(* Let $G$ and $H$ be countable discrete groups, let $(X,\mu)$ be a standard probability space and let $(\mathsf{A},\mathsf{B})$ be an ergodic p.m.p. action of $G\times H$ on $(X,\mu)$. Then the synergodic decomposition of $(\mathsf{A},\mathsf{B})$ is isomorphic, as a factor of $(\mathsf{A},\mathsf{B})$, to the local product \[(\mathsf{E}_{\mathsf{A}\curvearrowright\mathsf{B}}) \boxdot (\mathsf{E}_{\mathsf{B}\curvearrowright\mathsf{A}}) \] acting on $(E_{\mathsf{A}}\times E_{\mathsf{B}},\eta_{\mathsf{A}}\times\eta_{\mathsf{B}})$.
   Context: All groups are countable and discrete. For a standard probability space $(X,\mu)$, $\mathcal{M}_X$ is the $\sigma$-algebra of measurable sets, $\mathcal{N}_X=\{D\in\mathcal{M}_X:\mu(D)\in\{0,1\}\}$, and $\mathrm{Aut}(X,\mu)$ is the group of measure-preserving transformations (identified when equal a.e.). A p.m.p. action of $G$ is a homomorphism $\mathsf{A}:G\to\mathrm{Aut}(X,\mu)$, $g\mapsto \mathsf{A}^g$. A p.m.p. action of $G\times H$ is written as a pair $(\mathsf{A},\mathsf{B})$ of commuting actions of $G$ and of $H$ on $(X,\mu)$. A set $D$ is $\mathsf{A}$-invariant if $\mu(\mathsf{A}^gD\triangle D)=0$ for all $g$; $\mathcal{E}_{\mathsf{A}}$ denotes the $\sigma$-algebra of $\mathsf{A}$-invariant sets; $\mathsf{A}$ is ergodic if $\mathcal{E}_{\mathsf{A}}=\mathcal{N}_X$. A factor map from $\mathsf{A}$ (on $(X,\mu)$) onto $\mathsf{C}$ (on $(Y,\nu)$) is a measurable surjection $\Phi$ with $\Phi_\#\mu=\nu$ and $\Phi\circ\mathsf{A}^g=\mathsf{C}^g\circ\Phi$; a sub-$\sigma$-algebra $\mathcal{S}$ is $\mathsf{A}$-stable if $\{\mathsf{A}^g D : D \in \mathcal{S}\}=\mathcal{S}$ for all $g$, and every stable $\sigma$-algebra $\mathcal{S}$ has a realization, i.e. a factor $\Phi$ with $\mathcal{S}=\{\Phi^{-1}(D)\}$, unique up to isomorphism of factors (two factors $\Phi:X\to Y$, $\Omega:X\to Z$ are isomorphic as factors if there is an isomorphism $\Psi:Y\to Z$ of the factor actions with $\Psi\circ\Phi=\Omega$). The ergodic decomposition of $\mathsf{A}$ is the realization of $\mathcal{E}_{\mathsf{A}}$; its underlying space $(E_{\mathsf{A}},\eta_{\mathsf{A}})$ is the space of ergodic components of $\mathsf{A}$. For commuting $(\mathsf{A},\mathsf{B})$, $\mathcal{E}_{\mathsf{A}}$ is $\mathsf{B}$-stable, and $\mathsf{E}_{\mathsf{B}\curvearrowright\mathsf{A}}$ denotes the resulting factor action of $H$ on $(E_{\mathsf{A}},\eta_{\mathsf{A}})$; symmetrically $\mathsf{E}_{\mathsf{A}\curvearrowright\mathsf{B}}$ is the factor action of $G$ on $(E_{\mathsf{B}},\eta_{\mathsf{B}})$. The synergodic decomposition of $(\mathsf{A},\mathsf{B})$ is the factor of $(\mathsf{A},\mathsf{B})$ realizing the $\sigma$-algebra $\sigma(\mathcal{E}_{\mathsf{A}},\mathcal{E}_{\mathsf{B}})$ generated by $\mathcal{E}_{\mathsf{A}}$ and $\mathcal{E}_{\mathsf{B}}$. For $\mathsf{C}$ a p.m.p. action of $G$ on $(Y,\nu)$ and $\mathsf{D}$ a p.m.p. action of $H$ on $(Z,\omega)$, the local product $\mathsf{C}\boxdot\mathsf{D}$ is the action of $G\times H$ on $(Y\times Z,\nu\times\omega)$ given by $(g,h)\cdot(y,z)=(\mathsf{C}^gy,\mathsf{D}^hz)$. *)

theory Defs
  imports "HOL-Probability.Probability"
begin

definition standard_prob_space :: "('a::polish_space) measure \<Rightarrow> bool" where
  "standard_prob_space M \<longleftrightarrow> prob_space M \<and> space M = UNIV \<and> sets M = sets borel"

definition mp_map :: "'a measure \<Rightarrow> 'b measure \<Rightarrow> ('a \<Rightarrow> 'b) \<Rightarrow> bool" where
  "mp_map M N f \<longleftrightarrow> f \<in> measurable M N \<and> distr M N f = N"

text \<open>A p.m.p. action of a (countable discrete) group: each group element acts by a
  measure-preserving transformation, and the action law holds almost everywhere
  (elements of Aut(X,mu) are identified when equal a.e.).  Invertibility follows
  from the action law.\<close>
definition pmp_action :: "'x measure \<Rightarrow> ('g::group_add \<Rightarrow> 'x \<Rightarrow> 'x) \<Rightarrow> bool" where
  "pmp_action M A \<longleftrightarrow>
     (\<forall>g. mp_map M M (A g)) \<and>
     (AE x in M. A 0 x = x) \<and>
     (\<forall>g h. AE x in M. A (g + h) x = A g (A h x))"

text \<open>Commuting pair of actions = p.m.p. action of G x H.\<close>
definition commuting :: "'x measure \<Rightarrow> ('g \<Rightarrow> 'x \<Rightarrow> 'x) \<Rightarrow> ('h \<Rightarrow> 'x \<Rightarrow> 'x) \<Rightarrow> bool" where
  "commuting M A B \<longleftrightarrow> (\<forall>g h. AE x in M. A g (B h x) = B h (A g x))"

definition pmp_pair_action :: "'x measure \<Rightarrow> ('g::group_add \<Rightarrow> 'x \<Rightarrow> 'x) \<Rightarrow> ('h::group_add \<Rightarrow> 'x \<Rightarrow> 'x) \<Rightarrow> bool" where
  "pmp_pair_action M A B \<longleftrightarrow> pmp_action M A \<and> pmp_action M B \<and> commuting M A B"

definition pair_act :: "('g \<Rightarrow> 'x \<Rightarrow> 'x) \<Rightarrow> ('h \<Rightarrow> 'x \<Rightarrow> 'x) \<Rightarrow> ('g \<times> 'h) \<Rightarrow> 'x \<Rightarrow> 'x" where
  "pair_act A B = (\<lambda>(g, h) x. A g (B h x))"

definition sdiff :: "'x set \<Rightarrow> 'x set \<Rightarrow> 'x set" where
  "sdiff D E = (D - E) \<union> (E - D)"

definition invariant_set :: "'x measure \<Rightarrow> ('i \<Rightarrow> 'x \<Rightarrow> 'x) \<Rightarrow> 'x set \<Rightarrow> bool" where
  "invariant_set M A D \<longleftrightarrow> D \<in> sets M \<and>
     (\<forall>g. measure M (sdiff ((A g -` D) \<inter> space M) D) = 0)"

definition inv_sets :: "'x measure \<Rightarrow> ('i \<Rightarrow> 'x \<Rightarrow> 'x) \<Rightarrow> 'x set set" where
  "inv_sets M A = {D. invariant_set M A D}"

definition ergodic :: "'x measure \<Rightarrow> ('i \<Rightarrow> 'x \<Rightarrow> 'x) \<Rightarrow> bool" where
  "ergodic M A \<longleftrightarrow> (\<forall>D \<in> inv_sets M A. measure M D = 0 \<or> measure M D = 1)"

definition factor_map :: "'x measure \<Rightarrow> ('i \<Rightarrow> 'x \<Rightarrow> 'x) \<Rightarrow> 'y measure \<Rightarrow> ('i \<Rightarrow> 'y \<Rightarrow> 'y) \<Rightarrow> ('x \<Rightarrow> 'y) \<Rightarrow> bool" where
  "factor_map M A N C \<Phi> \<longleftrightarrow> mp_map M N \<Phi> \<and> (\<forall>g. AE x in M. \<Phi> (A g x) = C g (\<Phi> x))"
* * *
▶ [Action item]
Nothing should appear in the answer except the lines above from the line with "measure-preserving transformation, and" through the line with "B \<longleftrightarrow> (\<forall>g", both included, written out exactly.

▶ [Response for this exercise]
  measure-preserving transformation, and the action law holds almost everywhere
  (elements of Aut(X,mu) are identified when equal a.e.).  Invertibility follows
  from the action law.\<close>
definition pmp_action :: "'x measure \<Rightarrow> ('g::group_add \<Rightarrow> 'x \<Rightarrow> 'x) \<Rightarrow> bool" where
  "pmp_action M A \<longleftrightarrow>
     (\<forall>g. mp_map M M (A g)) \<and>
     (AE x in M. A 0 x = x) \<and>
     (\<forall>g h. AE x in M. A (g + h) x = A g (A h x))"

text \<open>Commuting pair of actions = p.m.p. action of G x H.\<close>
definition commuting :: "'x measure \<Rightarrow> ('g \<Rightarrow> 'x \<Rightarrow> 'x) \<Rightarrow> ('h \<Rightarrow> 'x \<Rightarrow> 'x) \<Rightarrow> bool" where
  "commuting M A B \<longleftrightarrow> (\<forall>g h. AE x in M. A g (B h x) = B h (A g x))"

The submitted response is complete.